[Start of section]

text \<open>I + M L = M (xI + L) for x = 1/M, so M (I + M L)\<inverse> = (xI + L)\<inverse> = adj(xI + L) / det(xI + L).\<close>
lemma transfer_entry_eq_adj_div_det:
  assumes L: "L \<in> carrier_mat N N" and "u \<noteq> 0" "v \<noteq> 0"
    and X: "X \<in> carrier_mat N N" "(1\<^sub>m N + (v / u) \<cdot>\<^sub>m map_mat (\<lambda>r. rf [:r:]) L) * X = 1\<^sub>m N"
    and "i < N" "j < N"
  shows "unit_vec N i \<bullet> (X *\<^sub>v ((v / u) \<cdot>\<^sub>v unit_vec N j))
    = eval_real_fract (u / v) (adj_mat (sI_plus L) $$ (i, j)) / eval_real_fract (u / v) (det (sI_plus L))"
proof -
  interpret e: comm_ring_hom "eval_real_fract (u / v)" by (rule comm_ring_hom_eval_real_fract)
  define P where "P = map_mat (eval_real_fract (u / v)) (sI_plus L)"
  have P: "P \<in> carrier_mat N N" unfolding P_def using sI_plus_carrier[OF L] by simp
  have "(v / u) \<cdot>\<^sub>m P = 1\<^sub>m N + (v / u) \<cdot>\<^sub>m map_mat (\<lambda>r. rf [:r:]) L"
    unfolding P_def eval_real_fract_sI_plus[OF L] using L assms(2,3)
    by (intro eq_matI) (auto simp: field_simps)
  with X(2) have "((v / u) \<cdot>\<^sub>m P) * X = 1\<^sub>m N" by simp
  hence "v / u * X $$ (i, j) = adj_mat P $$ (i, j) / det P"
    by (rule smult_right_inverse_index[OF P X(1) _ assms(6,7)])
  moreover have "unit_vec N i \<bullet> (X *\<^sub>v ((v / u) \<cdot>\<^sub>v unit_vec N j)) = v / u * X $$ (i, j)"
    using X(1) assms(6,7) by simp
  ultimately show ?thesis
    unfolding P_def e.hom_adj_mat[symmetric] e.hom_det
    using assms(6,7) adj_mat(1)[OF sI_plus_carrier[OF L]] by simp
qed
definition Rset :: "'a list \<Rightarrow> nat \<Rightarrow> 'a list set" where
  "Rset u i = {r. r \<noteq> [] \<and> rank_eval r u = Some i \<and> length r = xlen u i}"

definition alg_step :: "('a \<Rightarrow> nat) \<times> ('a \<Rightarrow> nat set) \<Rightarrow> nat \<Rightarrow> 'a
                         \<Rightarrow> ('a \<Rightarrow> nat) \<times> ('a \<Rightarrow> nat set)" where
  "alg_step st i c =
     (let n1 = (fst st)(c := fst st c + 1);
          Q1 = (snd st)(c := {i});
          nc = n1 c; Qc = Q1 c
      in (\<lambda>a. if nc < n1 a then nc else n1 a,
          \<lambda>a. if nc < n1 a then Qc else if nc = n1 a then Q1 a \<union> Qc else Q1 a))"

fun alg_state :: "'a list \<Rightarrow> nat \<Rightarrow> ('a \<Rightarrow> nat) \<times> ('a \<Rightarrow> nat set)" where
  "alg_state u 0 = (\<lambda>_. 1, \<lambda>_. {})"
| "alg_state u (Suc k) = alg_step (alg_state u k) (Suc k) (u ! k)"

definition Pset :: "'a list \<Rightarrow> nat \<Rightarrow> nat set" where
  "Pset u i = snd (alg_state u (i - 1)) (u ! (i - 1))"

end

theory Submission
  imports Defs
begin

(* Let p be the last c-position before the c-position i (p = 0 if there is none). From a position j,
   the ranker step X_c leads to i exactly when p <= j < i. Letting the empty ranker reach the virtual
   position 0, every ranker reaching i is therefore s X_c with s a ranker reaching some j in the window
   [p, i), so x_i is one more than the minimum of x_j over the window, and R_i is the union of R_j X_c
   over the minimisers j. After k positions have been processed, the algorithm keeps n_a equal to one
   more than the minimum of x_j over [p_a, k], p_a being the last a-position up to k, and Q_a equal to
   the set of nonzero minimisers. The minimiser 0 occurs exactly when p = 0; it is what the convention
   for P_i = {} accounts for. *)

fun last_pos :: "'a list \<Rightarrow> 'a \<Rightarrow> nat \<Rightarrow> nat" where
  "last_pos u a 0 = 0"
| "last_pos u a (Suc k) = (if u ! k = a then Suc k else last_pos u a k)"

lemma last_pos_le: "last_pos u a k \<le> k"
  by (induction k) auto

lemma nth_last_pos: "last_pos u a k \<noteq> 0 \<Longrightarrow> u ! (last_pos u a k - 1) = a"
  by (induction k) auto

lemma nth_neq_after_last_pos: "last_pos u a k < j \<Longrightarrow> j \<le> k \<Longrightarrow> u ! (j - 1) \<noteq> a"
proof (induction k)
  case (Suc k)
  then show ?case by (cases "j = Suc k") (auto split: if_splits)
qed simp

lemma next_pos_SomeD:
  assumes "next_pos u c j = Some i"
  shows "j < i" and "i \<le> length u" and "u ! (i - 1) = c"
    and "\<And>i'. j < i' \<Longrightarrow> i' \<le> length u \<Longrightarrow> u ! (i' - 1) = c \<Longrightarrow> i \<le> i'"
proof -
  let ?P = "\<lambda>i. j < i \<and> i \<le> length u \<and> u ! (i - 1) = c"
  from assms have "\<exists>i. ?P i" and least: "(LEAST i. ?P i) = i"
    unfolding next_pos_def by (auto split: if_splits)
  with LeastI_ex[of ?P] show "j < i" and "i \<le> length u" and "u ! (i - 1) = c"
    by simp_all
  show "i \<le> i'" if "j < i'" "i' \<le> length u" "u ! (i' - 1) = c" for i'
    using that Least_le[of ?P i'] unfolding least by blast
qed

lemma next_pos_eq_Some_iff:
  assumes "1 \<le> i" "i \<le> length u" "u ! (i - 1) = c"
  shows "next_pos u c j = Some i \<longleftrightarrow> j \<in> {last_pos u c (i - 1)..<i}"
proof
  let ?p = "last_pos u c (i - 1)"
  assume step: "next_pos u c j = Some i"
  have "?p \<le> j"
  proof (rule ccontr)
    assume "\<not> ?p \<le> j"
    moreover have "?p \<le> i - 1" by (rule last_pos_le)
    ultimately have "i \<le> ?p"
      using next_pos_SomeD(4)[OF step] nth_last_pos[of u c "i - 1"] assms(2) by simp
    with \<open>?p \<le> i - 1\<close> assms(1) show False by simp
  qed
  with next_pos_SomeD(1)[OF step] show "j \<in> {?p..<i}" by simp
next
  assume j: "j \<in> {last_pos u c (i - 1)..<i}"
  have "i \<le> i'" if "j < i'" "u ! (i' - 1) = c" for i'
  proof (rule ccontr)
    assume "\<not> i \<le> i'"
    then have "last_pos u c (i - 1) < i'" "i' \<le> i - 1" using j that(1) by auto
    from nth_neq_after_last_pos[OF this] that(2) show False by simp
  qed
  then have "(LEAST i'. j < i' \<and> i' \<le> length u \<and> u ! (i' - 1) = c) = i"
    using j assms by (intro Least_equality) auto
  then show "next_pos u c j = Some i"
    using j assms unfolding next_pos_def by auto
qed

lemma rank_eval_Nil [simp]: "rank_eval [] u = Some 0"
  by (simp add: rank_eval_def)

lemma rank_eval_snoc_eq_Some_iff:
  "rank_eval (s @ [a]) u = Some i \<longleftrightarrow> (\<exists>j. rank_eval s u = Some j \<and> next_pos u a j = Some i)"
  by (cases "rank_eval s u") (auto simp: rank_eval_def)

lemma rank_eval_eq_Some_0_iff: "rank_eval r u = Some 0 \<longleftrightarrow> r = []"
proof (induction r rule: rev_induct)
  case (snoc a s)
  then show ?case by (auto simp: rank_eval_snoc_eq_Some_iff dest: next_pos_SomeD(1))
qed simp

lemma rank_eval_reaches_all: "j \<le> length u \<Longrightarrow> \<exists>r. rank_eval r u = Some j"
proof (induction j)
  case (Suc j)
  then obtain r where "rank_eval r u = Some j" by auto
  moreover have "next_pos u (u ! j) j = Some (Suc j)"
    using Suc.prems last_pos_le[of u "u ! j" j] by (subst next_pos_eq_Some_iff) auto
  ultimately have "rank_eval (r @ [u ! j]) u = Some (Suc j)"
    by (auto simp: rank_eval_snoc_eq_Some_iff)
  then show ?case ..
qed (auto intro: exI[of _ "[]"])
definition two_category :: "('o, 'a, 'b, 'e) two_cat_scheme \<Rightarrow> bool" where
  "two_category C \<longleftrightarrow>
    \<comment> \<open>underlying 1-category\<close>
    (\<forall>A\<in>Ob C. id1 C A \<in> Hom1 C \<and> src1 C (id1 C A) = A \<and> tgt1 C (id1 C A) = A) \<and>
    (\<forall>f\<in>Hom1 C. src1 C f \<in> Ob C \<and> tgt1 C f \<in> Ob C) \<and>
    (\<forall>f\<in>Hom1 C. \<forall>g\<in>Hom1 C. tgt1 C f = src1 C g \<longrightarrow>
        comp1 C g f \<in> Hom1 C \<and> src1 C (comp1 C g f) = src1 C f \<and> tgt1 C (comp1 C g f) = tgt1 C g) \<and>
    (\<forall>f\<in>Hom1 C. \<forall>g\<in>Hom1 C. \<forall>h\<in>Hom1 C. tgt1 C f = src1 C g \<longrightarrow> tgt1 C g = src1 C h \<longrightarrow>
        comp1 C h (comp1 C g f) = comp1 C (comp1 C h g) f) \<and>
    (\<forall>f\<in>Hom1 C. comp1 C f (id1 C (src1 C f)) = f \<and> comp1 C (id1 C (tgt1 C f)) f = f) \<and>
    \<comment> \<open>2-morphisms are between parallel 1-morphisms\<close>
    (\<forall>\<alpha>\<in>Hom2 C. src2 C \<alpha> \<in> Hom1 C \<and> tgt2 C \<alpha> \<in> Hom1 C \<and>
        src1 C (src2 C \<alpha>) = src1 C (tgt2 C \<alpha>) \<and> tgt1 C (src2 C \<alpha>) = tgt1 C (tgt2 C \<alpha>)) \<and>
    \<comment> \<open>vertical structure: each hom is a category\<close>
    (\<forall>f\<in>Hom1 C. id2 C f \<in> Hom2 C \<and> src2 C (id2 C f) = f \<and> tgt2 C (id2 C f) = f) \<and>
    (\<forall>\<alpha>\<in>Hom2 C. \<forall>\<beta>\<in>Hom2 C. tgt2 C \<alpha> = src2 C \<beta> \<longrightarrow>
        vcomp C \<beta> \<alpha> \<in> Hom2 C \<and> src2 C (vcomp C \<beta> \<alpha>) = src2 C \<alpha> \<and> tgt2 C (vcomp C \<beta> \<alpha>) = tgt2 C \<beta>) \<and>
    (\<forall>\<alpha>\<in>Hom2 C. \<forall>\<beta>\<in>Hom2 C. \<forall>\<gamma>\<in>Hom2 C. tgt2 C \<alpha> = src2 C \<beta> \<longrightarrow> tgt2 C \<beta> = src2 C \<gamma> \<longrightarrow>
        vcomp C \<gamma> (vcomp C \<beta> \<alpha>) = vcomp C (vcomp C \<gamma> \<beta>) \<alpha>) \<and>
    (\<forall>\<alpha>\<in>Hom2 C. vcomp C \<alpha> (id2 C (src2 C \<alpha>)) = \<alpha> \<and> vcomp C (id2 C (tgt2 C \<alpha>)) \<alpha> = \<alpha>) \<and>
    \<comment> \<open>horizontal structure\<close>
    (\<forall>\<alpha>\<in>Hom2 C. \<forall>\<gamma>\<in>Hom2 C. tgt1 C (src2 C \<alpha>) = src1 C (src2 C \<gamma>) \<longrightarrow>
        hcomp C \<gamma> \<alpha> \<in> Hom2 C \<and>
        src2 C (hcomp C \<gamma> \<alpha>) = comp1 C (src2 C \<gamma>) (src2 C \<alpha>) \<and>
        tgt2 C (hcomp C \<gamma> \<alpha>) = comp1 C (tgt2 C \<gamma>) (tgt2 C \<alpha>)) \<and>
    (\<forall>\<alpha>\<in>Hom2 C. \<forall>\<gamma>\<in>Hom2 C. \<forall>\<delta>\<in>Hom2 C.
        tgt1 C (src2 C \<alpha>) = src1 C (src2 C \<gamma>) \<longrightarrow> tgt1 C (src2 C \<gamma>) = src1 C (src2 C \<delta>) \<longrightarrow>
        hcomp C \<delta> (hcomp C \<gamma> \<alpha>) = hcomp C (hcomp C \<delta> \<gamma>) \<alpha>) \<and>
    (\<forall>\<alpha>\<in>Hom2 C. hcomp C (id2 C (id1 C (tgt1 C (src2 C \<alpha>)))) \<alpha> = \<alpha> \<and>
        hcomp C \<alpha> (id2 C (id1 C (src1 C (src2 C \<alpha>)))) = \<alpha>) \<and>
    (\<forall>f\<in>Hom1 C. \<forall>g\<in>Hom1 C. tgt1 C f = src1 C g \<longrightarrow>
        hcomp C (id2 C g) (id2 C f) = id2 C (comp1 C g f)) \<and>
    \<comment> \<open>interchange law\<close>
    (\<forall>\<alpha>\<in>Hom2 C. \<forall>\<beta>\<in>Hom2 C. \<forall>\<gamma>\<in>Hom2 C. \<forall>\<delta>\<in>Hom2 C.
        tgt2 C \<alpha> = src2 C \<beta> \<longrightarrow> tgt2 C \<gamma> = src2 C \<delta> \<longrightarrow>
        tgt1 C (src2 C \<alpha>) = src1 C (src2 C \<gamma>) \<longrightarrow>
        hcomp C (vcomp C \<delta> \<gamma>) (vcomp C \<beta> \<alpha>) = vcomp C (hcomp C \<delta> \<beta>) (hcomp C \<gamma> \<alpha>))"

definition lawvere_2weight ::
  "('o, 'a, 'b, 'e) two_cat_scheme \<Rightarrow> ('a \<Rightarrow> real) \<Rightarrow> ('b \<Rightarrow> real) \<Rightarrow> bool" where
  "lawvere_2weight C W1 W2 \<longleftrightarrow>
    (\<forall>f\<in>Hom1 C. W1 f \<ge> 0) \<and> (\<forall>\<alpha>\<in>Hom2 C. W2 \<alpha> \<ge> 0) \<and>
    (\<forall>A\<in>Ob C. W1 (id1 C A) = 0) \<and>
    (\<forall>f\<in>Hom1 C. W2 (id2 C f) = 0) \<and>
    (\<forall>f\<in>Hom1 C. \<forall>g\<in>Hom1 C. tgt1 C f = src1 C g \<longrightarrow> W1 (comp1 C g f) \<le> W1 g + W1 f) \<and>
    (\<forall>\<alpha>\<in>Hom2 C. \<forall>\<beta>\<in>Hom2 C. tgt2 C \<alpha> = src2 C \<beta> \<longrightarrow> W2 (vcomp C \<beta> \<alpha>) \<le> W2 \<beta> + W2 \<alpha>) \<and>
    (\<forall>\<alpha>\<in>Hom2 C. \<forall>\<gamma>\<in>Hom2 C. tgt1 C (src2 C \<alpha>) = src1 C (src2 C \<gamma>) \<longrightarrow>
        W2 (hcomp C \<gamma> \<alpha>) \<le> W2 \<gamma> + W2 \<alpha>)"

definition interleaved ::
  "('o, 'a, 'b, 'e) two_cat_scheme \<Rightarrow> ('a \<Rightarrow> real) \<Rightarrow> ('b \<Rightarrow> real) \<Rightarrow> 'o \<Rightarrow> 'o \<Rightarrow> real \<Rightarrow> bool" where
  "interleaved C W1 W2 A B t \<longleftrightarrow>
    (\<exists>g h \<alpha> \<beta>. g \<in> Hom1 C \<and> src1 C g = A \<and> tgt1 C g = B \<and>
               h \<in> Hom1 C \<and> src1 C h = B \<and> tgt1 C h = A \<and>
               \<alpha> \<in> Hom2 C \<and> src2 C \<alpha> = id1 C A \<and> tgt2 C \<alpha> = comp1 C h g \<and>
               \<beta> \<in> Hom2 C \<and> src2 C \<beta> = id1 C B \<and> tgt2 C \<beta> = comp1 C g h \<and>
               max (max (W1 g) (W1 h)) (max (W2 \<alpha>) (W2 \<beta>)) \<le> t)"

text \<open>Interleaving distance, valued in [0,\<infinity>] (ennreal); Inf of the empty set is \<infinity>.\<close>

definition interleaving_dist ::
  "('o, 'a, 'b, 'e) two_cat_scheme \<Rightarrow> ('a \<Rightarrow> real) \<Rightarrow> ('b \<Rightarrow> real) \<Rightarrow> 'o \<Rightarrow> 'o \<Rightarrow> ennreal" where
  "interleaving_dist C W1 W2 A B = Inf {ennreal t | t. t \<ge> 0 \<and> interleaved C W1 W2 A B t}"

definition extended_pseudometric :: "'o set \<Rightarrow> ('o \<Rightarrow> 'o \<Rightarrow> ennreal) \<Rightarrow> bool" where
  "extended_pseudometric S d \<longleftrightarrow>
    (\<forall>x\<in>S. d x x = 0) \<and>
    (\<forall>x\<in>S. \<forall>y\<in>S. d x y = d y x) \<and>
    (\<forall>x\<in>S. \<forall>y\<in>S. \<forall>z\<in>S. d x z \<le> d x y + d y z)"

end

theory Submission
  imports Defs
begin

text \<open>Identities give a 0-interleaving of an object with itself, and an interleaving
is symmetric in its two objects. An \<open>s\<close>-interleaving \<open>(g, h, \<alpha>, \<beta>)\<close> of \<open>A\<close>, \<open>B\<close> and a
\<open>t\<close>-interleaving \<open>(g', h', \<alpha>', \<beta>')\<close> of \<open>B\<close>, \<open>D\<close> compose to the \<open>(s + t)\<close>-interleaving
\<open>(g' g, h h', (h \<alpha>' g) \<alpha>, (g' \<beta> h') \<beta>')\<close>: subadditivity bounds the weights, and whiskering
with identity 2-cells costs nothing because they have weight 0. Passing to infima
turns these three facts into the axioms of an extended pseudometric.\<close>

lemma INF_add_const_ennreal:
  fixes c :: ennreal
  assumes "S \<noteq> {}"
  shows "(INF x\<in>S. x + c) = Inf S + c"
proof -
  have "continuous (at_right (Inf S)) (\<lambda>x. x + c)"
    by (intro continuous_add continuous_ident continuous_const)
  then show ?thesis
    using continuous_at_Inf_mono[of "\<lambda>x. x + c" S] assms by (auto simp: mono_def)
qed

lemma Inf_le_Inf_add_Inf_ennreal:
  fixes S T U :: "ennreal set"
  assumes "\<And>s t. s \<in> S \<Longrightarrow> t \<in> T \<Longrightarrow> Inf U \<le> s + t"
  shows "Inf U \<le> Inf S + Inf T"
proof (cases "S = {} \<or> T = {}")
  case True
  then show ?thesis by auto
next
  case False
  have "Inf U \<le> s + Inf T" if "s \<in> S" for s
  proof -
    have "Inf U \<le> (INF t\<in>T. t + s)"
      using assms[OF that] by (intro INF_greatest) (simp add: add.commute)
    also have "\<dots> = Inf T + s"
      using False by (simp add: INF_add_const_ennreal)
    finally show ?thesis
      by (simp add: add.commute)
  qed
  then have "Inf U \<le> (INF s\<in>S. s + Inf T)"
    by (rule INF_greatest)
  also have "\<dots> = Inf S + Inf T"
    using False by (simp add: INF_add_const_ennreal)
  finally show ?thesis .
qed

lemma interleaved_sym:
  "interleaved C W1 W2 A B t \<Longrightarrow> interleaved C W1 W2 B A t"
  unfolding interleaved_def by (metis max.commute)

lemma interleaved_commute:
  "interleaved C W1 W2 A B t \<longleftrightarrow> interleaved C W1 W2 B A t"
  by (rule iffI) (erule interleaved_sym)+

lemma interleaving_dist_le:
  assumes "interleaved C W1 W2 A B t" and "0 \<le> t"
  shows "interleaving_dist C W1 W2 A B \<le> ennreal t"
  unfolding interleaving_dist_def by (rule Inf_lower) (use assms in blast)

lemma interleaving_dist_commute:
  "interleaving_dist C W1 W2 A B = interleaving_dist C W1 W2 B A"
  unfolding interleaving_dist_def by (simp add: interleaved_commute)

locale weighted_two_category =
  fixes C :: "('o, 'a, 'b, 'e) two_cat_scheme"
    and W1 :: "'a \<Rightarrow> real" and W2 :: "'b \<Rightarrow> real"
  assumes two_category: "two_category C"
    and weight: "lawvere_2weight C W1 W2"
begin

lemma id1 [simp]:
  assumes "A \<in> Ob C"
  shows "id1 C A \<in> Hom1 C" "src1 C (id1 C A) = A" "tgt1 C (id1 C A) = A"
  using two_category[unfolded two_category_def] assms by simp_all

lemma Ob_src1_tgt1 [simp]:
  assumes "f \<in> Hom1 C"
  shows "src1 C f \<in> Ob C" "tgt1 C f \<in> Ob C"
  using two_category[unfolded two_category_def] assms by simp_all

lemma comp1 [simp]:
  assumes "f \<in> Hom1 C" "g \<in> Hom1 C" "tgt1 C f = src1 C g"
  shows "comp1 C g f \<in> Hom1 C" "src1 C (comp1 C g f) = src1 C f"
    "tgt1 C (comp1 C g f) = tgt1 C g"
  using two_category[unfolded two_category_def] assms by simp_all

lemma comp1_assoc [simp]:
  assumes "f \<in> Hom1 C" "g \<in> Hom1 C" "h \<in> Hom1 C" "tgt1 C f = src1 C g" "tgt1 C g = src1 C h"
  shows "comp1 C h (comp1 C g f) = comp1 C (comp1 C h g) f"
  using two_category[unfolded two_category_def] assms by simp

lemma comp1_id1 [simp]:
  assumes "f \<in> Hom1 C"
  shows "src1 C f = A \<Longrightarrow> comp1 C f (id1 C A) = f"
    and "tgt1 C f = B \<Longrightarrow> comp1 C (id1 C B) f = f"
proof -
  have "comp1 C f (id1 C (src1 C f)) = f" "comp1 C (id1 C (tgt1 C f)) f = f"
    using two_category[unfolded two_category_def] assms by simp_all
  then show "src1 C f = A \<Longrightarrow> comp1 C f (id1 C A) = f"
    and "tgt1 C f = B \<Longrightarrow> comp1 C (id1 C B) f = f"
    by blast+
qed

lemma id2 [simp]:
  assumes "f \<in> Hom1 C"
  shows "id2 C f \<in> Hom2 C" "src2 C (id2 C f) = f" "tgt2 C (id2 C f) = f"
  using two_category[unfolded two_category_def] assms by simp_all

lemma vcomp [simp]:
  assumes "\<alpha> \<in> Hom2 C" "\<beta> \<in> Hom2 C" "tgt2 C \<alpha> = src2 C \<beta>"
  shows "vcomp C \<beta> \<alpha> \<in> Hom2 C" "src2 C (vcomp C \<beta> \<alpha>) = src2 C \<alpha>"
    "tgt2 C (vcomp C \<beta> \<alpha>) = tgt2 C \<beta>"
  using two_category[unfolded two_category_def] assms by simp_all

lemma hcomp [simp]:
  assumes "\<alpha> \<in> Hom2 C" "\<gamma> \<in> Hom2 C" "tgt1 C (src2 C \<alpha>) = src1 C (src2 C \<gamma>)"
  shows "hcomp C \<gamma> \<alpha> \<in> Hom2 C" "src2 C (hcomp C \<gamma> \<alpha>) = comp1 C (src2 C \<gamma>) (src2 C \<alpha>)"
    "tgt2 C (hcomp C \<gamma> \<alpha>) = comp1 C (tgt2 C \<gamma>) (tgt2 C \<alpha>)"
  using two_category[unfolded two_category_def] assms by simp_all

[End of section]

## [Work order]
Print exactly the lines above from the one with "comp1 C g f \<in> Hom1 C \<and>" to the one with "vcomp C \<beta> \<alpha> \<in> Hom2 C \<and>", including both.

## [Answer]
        comp1 C g f \<in> Hom1 C \<and> src1 C (comp1 C g f) = src1 C f \<and> tgt1 C (comp1 C g f) = tgt1 C g) \<and>
    (\<forall>f\<in>Hom1 C. \<forall>g\<in>Hom1 C. \<forall>h\<in>Hom1 C. tgt1 C f = src1 C g \<longrightarrow> tgt1 C g = src1 C h \<longrightarrow>
        comp1 C h (comp1 C g f) = comp1 C (comp1 C h g) f) \<and>
    (\<forall>f\<in>Hom1 C. comp1 C f (id1 C (src1 C f)) = f \<and> comp1 C (id1 C (tgt1 C f)) f = f) \<and>
    \<comment> \<open>2-morphisms are between parallel 1-morphisms\<close>
    (\<forall>\<alpha>\<in>Hom2 C. src2 C \<alpha> \<in> Hom1 C \<and> tgt2 C \<alpha> \<in> Hom1 C \<and>
        src1 C (src2 C \<alpha>) = src1 C (tgt2 C \<alpha>) \<and> tgt1 C (src2 C \<alpha>) = tgt1 C (tgt2 C \<alpha>)) \<and>
    \<comment> \<open>vertical structure: each hom is a category\<close>
    (\<forall>f\<in>Hom1 C. id2 C f \<in> Hom2 C \<and> src2 C (id2 C f) = f \<and> tgt2 C (id2 C f) = f) \<and>
    (\<forall>\<alpha>\<in>Hom2 C. \<forall>\<beta>\<in>Hom2 C. tgt2 C \<alpha> = src2 C \<beta> \<longrightarrow>
        vcomp C \<beta> \<alpha> \<in> Hom2 C \<and> src2 C (vcomp C \<beta> \<alpha>) = src2 C \<alpha> \<and> tgt2 C (vcomp C \<beta> \<alpha>) = tgt2 C \<beta>) \<and>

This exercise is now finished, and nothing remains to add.